Sourceval whitespace : unit -> t

whitespace text splits on whitespace using pattern \\w+|^\\w\\s+.

Groups word characters (letters, digits, underscore) together and groups non-word, non-space characters together. Whitespace is used as delimiter but not included in output pieces.

Pattern behavior:

\\w+: One or more word characters (letters, digits, _)
^\\w\\s+: One or more characters that are neither word chars nor whitespace

  let pieces = Pre_tokenizers.whitespace "Hello, world! How's it going?" in
  (* Result approximately:
     [("Hello", (0, 5)); (",", (5, 6)); ("world", (7, 12)); ("!", (12, 13));
      ("How", (14, 17)); ("'", (17, 18)); ("s", (18, 19)); ("it", (20, 22));
      ("going", (23, 28)); ("?", (28, 29))] *)

Sourceval whitespace_split : unit -> t

whitespace_split text performs simple whitespace splitting.

Splits text on any whitespace characters and removes the whitespace. This is the simplest and fastest pre-tokenizer, equivalent to String.split_on_char.

  let pieces = Pre_tokenizers.whitespace_split "Hello   world!\tHow\nare you?" in
  (* Result approximately:
     [("Hello", (0, 5)); ("world!", (8, 14)); ("How", (15, 18));
      ("are", (19, 22)); ("you?", (23, 27))] *)

Sourcetype behavior = [

| `Isolated
(*
Keep delimiter as separate token
*)
| `Removed
(*
Remove delimiter completely
*)
| `Merged_with_previous
(*
Merge delimiter with previous token
*)
| `Merged_with_next
(*
Merge delimiter with next token
*)
| `Contiguous
(*
Group consecutive delimiters together
*)

]

Delimiter handling behavior for splitting operations.

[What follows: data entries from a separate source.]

(* There is an absolute constant $c>0$ such that the following holds. Let $\mathsf{M}\ge 1$, $\mathsf{N}\ge 2$ and $\mathsf{T}$ be positive integers with $\mathsf{M}\mathsf{T}\ge \mathsf{N}-1$, and consider the online matrix completion model in which the noise variables are i.i.d. $\mathcal{N}(0,1)$ (so $\sigma^2=1$). Then for every online algorithm there exists a reward matrix $\mathbf{P}\in\mathbb{R}^{\mathsf{M}\times\mathsf{N}}$ of rank at most $1$ with $0\le \mathbf{P}_{ij}\le 1$ for all $(i,j)\in[\mathsf{M}]\times[\mathsf{N}]$ such that the algorithm's regret satisfies $\mathsf{Reg}(\mathsf{T})\ge c\sqrt{\mathsf{N}\mathsf{T}/\mathsf{M}}$.
   Context: Online matrix completion model: there are $\mathsf{M}$ users, $\mathsf{N}$ items and $\mathsf{T}$ rounds, and an unknown reward matrix $\mathbf{P}\in\mathbb{R}^{\mathsf{M}\times\mathsf{N}}$. In each round $t\in[\mathsf{T}]$ an online algorithm selects, for every user $u\in[\mathsf{M}]$, an item $\rho_u(t)\in[\mathsf{N}]$ (possibly at random, and depending only on rewards observed in earlier rounds), and observes $\mathbf{R}^{(t)}_{u\rho_u(t)}=\mathbf{P}_{u\rho_u(t)}+\mathbf{E}^{(t)}_{u\rho_u(t)}$, where the noise variables $\mathbf{E}^{(t)}_{u\rho_u(t)}$, $u\in[\mathsf{M}],t\in[\mathsf{T}]$, are independent, zero-mean and sub-Gaussian with variance proxy $\sigma^2$, i.e. $\mathbb{E}[\exp(s\mathbf{E})]\le\exp(\sigma^2 s^2/2)$ for all $s\in\mathbb{R}$ (fresh noise at each recommendation, even if an item is recommended repeatedly). Let $\mu^\star_u=\max_{j\in[\mathsf{N}]}\mathbf{P}_{uj}$. The regret is $\mathsf{Reg}(\mathsf{T})=\frac{\mathsf{T}}{\mathsf{M}}\sum_{u\in[\mathsf{M}]}\mu^\star_u-\mathbb{E}\big[\sum_{t\in[\mathsf{T}]}\frac{1}{\mathsf{M}}\sum_{u\in[\mathsf{M}]}\mathbf{R}^{(t)}_{u\rho_u(t)}\big]$, the expectation being over the noise and the algorithm's randomness. *)

theory Defs
  imports "HOL-Probability.Probability" "Jordan_Normal_Form.DL_Rank"
begin
definition forks_above :: "'a set \<Rightarrow> 'a rel \<Rightarrow> 'a \<Rightarrow> bool" where
  "forks_above S R x \<longleftrightarrow> (\<exists>u\<in>S. \<exists>v\<in>S. (x, u) \<in> R \<and> u \<noteq> x \<and> (x, v) \<in> R \<and> v \<noteq> x
     \<and> (u, v) \<notin> R \<and> (v, u) \<notin> R)"

definition lower_twin :: "'a set \<Rightarrow> 'a rel \<Rightarrow> 'a \<Rightarrow> 'a \<Rightarrow> bool" where
  "lower_twin S R x u \<longleftrightarrow> u \<in> S \<and> (u, x) \<in> R \<and> u \<noteq> x \<and>
     (\<forall>w\<in>S. w \<noteq> u \<and> w \<noteq> x \<longrightarrow> ((w, u) \<in> R \<longleftrightarrow> (w, x) \<in> R) \<and> ((u, w) \<in> R \<longleftrightarrow> (x, w) \<in> R))"

lemma basic_iff:
  "basic S R x \<longleftrightarrow> x \<in> S \<and> \<not> forks_below S R x \<and> \<not> forks_above S R x \<and> \<not> (\<exists>u. lower_twin S R x u)"
  unfolding basic_def forks_below_def forks_above_def lower_twin_def by blast

lemma greatest_not_basic:
  assumes "\<not> linear_on S R" and "\<forall>x\<in>S. (x, g) \<in> R"
  shows "\<not> basic S R g"
  using assms unfolding linear_on_def basic_def by blast
text \<open>Positive Gauss curvature excludes a null direction \<open>w\<close> of the (semidefinite) second fundamental
  form: \<open>w\<close> would be in its kernel, and the curvature, evaluated via \<open>adjugate_form_cross3\<close> on
  \<open>w \<times> (g \<times> w) = |w|\<^sup>2 g\<close>, would vanish.\<close>
lemma hess_tangent_pos:
  assumes p: "p \<in> frontier \<Omega>" and tangent: "w \<bullet> grad p = 0" and "w \<noteq> 0"
  shows "(hess p *v w) \<bullet> w > 0"
proof (rule ccontr)
  define g H where "g = grad p" and "H = hess p"
  define u where "u = cross3 g w"
  define b q where "b = w \<bullet> (H *v u)" and "q = (H *v u) \<bullet> u"
  assume "\<not> ?thesis"
  then have Qw: "(H *v w) \<bullet> w = 0" using hess_tangent_nonneg[OF p tangent] by (simp add: H_def)
  have pU: "p \<in> U" using p frontier_subset_nbhd by auto
  have ug: "u \<bullet> g = 0" unfolding u_def by (rule dot_cross_self(4))
  have q: "q \<ge> 0" using hess_tangent_nonneg[OF p] ug by (simp add: q_def H_def g_def)
  have expand: "(H *v (w + s *\<^sub>R u)) \<bullet> (w + s *\<^sub>R u) = 2 * s * b + s\<^sup>2 * q" for s
    using Qw hess_symmetric[OF pU, of u w]
    by (simp add: b_def q_def H_def matrix_vector_right_distrib matrix_vector_mult_scaleR
        inner_add_left inner_add_right inner_commute algebra_simps power2_eq_square)
  have "0 \<le> 2 * s * b + s\<^sup>2 * q" for s
    using hess_tangent_nonneg[OF p, of "w + s *\<^sub>R u"] expand[of s] tangent ug
    by (simp add: inner_add_left H_def g_def)
  then have nonneg: "0 \<le> (q+1)\<^sup>2 * (2 * s * b + s\<^sup>2 * q)" for s by simp
  define s where "s = - b / (q + 1)"
  have sq: "s * (q + 1) = - b" using q by (simp add: s_def)
  have "(q+1)\<^sup>2 * (2 * s * b + s\<^sup>2 * q) = 2*b*(s*(q+1))*(q+1) + (s*(q+1))\<^sup>2*q"
    by (simp add: algebra_simps power2_eq_square)
  also have "\<dots> = - (b\<^sup>2 * (q + 2))" unfolding sq by (simp add: algebra_simps power2_eq_square)
  finally have "0 \<le> - (b\<^sup>2 * (q + 2))" using nonneg[of s] by simp
  then have b: "b = 0" using q by (simp add: mult_le_0_iff)
  have "cross3 w u = (w \<bullet> w) *\<^sub>R g"
    unfolding u_def Lagrange using tangent by (simp add: g_def)
  then have "(\<Sum>i\<in>UNIV. \<Sum>j\<in>UNIV. cross3 w u $ i * cross3 w u $ j * cof3 H i j)
      = (w \<bullet> w)\<^sup>2 * (\<Sum>i\<in>UNIV. \<Sum>j\<in>UNIV. g $ i * g $ j * cof3 H i j)"
    by (simp add: sum_distrib_left power2_eq_square algebra_simps)
  moreover have "(\<Sum>i\<in>UNIV. \<Sum>j\<in>UNIV. cross3 w u $ i * cross3 w u $ j * cof3 H i j) = 0"
    using Qw b hess_symmetric[OF pU, of u w] by (simp add: adjugate_form_cross3 b_def H_def inner_commute)
  moreover have "(\<Sum>i\<in>UNIV. \<Sum>j\<in>UNIV. g $ i * g $ j * cof3 H i j) > 0"
    using gauss_curvature_pos[OF p] grad_nonzero[OF p]
    by (simp add: level_gauss_curvature_def g_def H_def zero_less_divide_iff)
  ultimately show False using \<open>w \<noteq> 0\<close> by simp
qed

Controls what happens to delimiter characters when splitting text:

`Isolated: Delimiter becomes its own token (e.g., "hello,world" → "hello"; ","; "world")
`Removed: Delimiter is discarded (e.g., "hello,world" → "hello"; "world")
`Merged_with_previous: Delimiter attached to preceding token (e.g., "hello,world" → "hello,"; "world")
`Merged_with_next: Delimiter attached to following token (e.g., "hello,world" → "hello"; ",world")
`Contiguous: Multiple consecutive delimiters grouped together (e.g., "hello,,world" → "hello"; ",,"; "world")

Sourceval punctuation : ?behavior:behavior -> unit -> t

punctuation ?behavior () creates a punctuation-aware pre-tokenizer.

Splits text by separating punctuation characters from alphanumeric content. Punctuation includes standard ASCII punctuation and Unicode punctuation categories.

parameter behavior
How to handle punctuation characters. Default: `Isolated.

  let pre_tokenizer = Pre_tokenizers.punctuation ~behavior:`Isolated () in
  let pieces = pre_tokenizer "Hello, world! How are you?" in
  (* Result with `Isolated:
     [("Hello", (0, 5)); (",", (5, 6)); (" world", (6, 12)); ("!", (12, 13));
      (" How are you", (13, 26)); ("?", (26, 27))] *)

  let pre_tokenizer2 = Pre_tokenizers.punctuation ~behavior:`Merged_with_previous () in
  let pieces2 = pre_tokenizer2 "Don't stop" in
  (* Result with `Merged_with_previous:
     [("Don'", (0, 4)); ("t stop", (4, 10))] *)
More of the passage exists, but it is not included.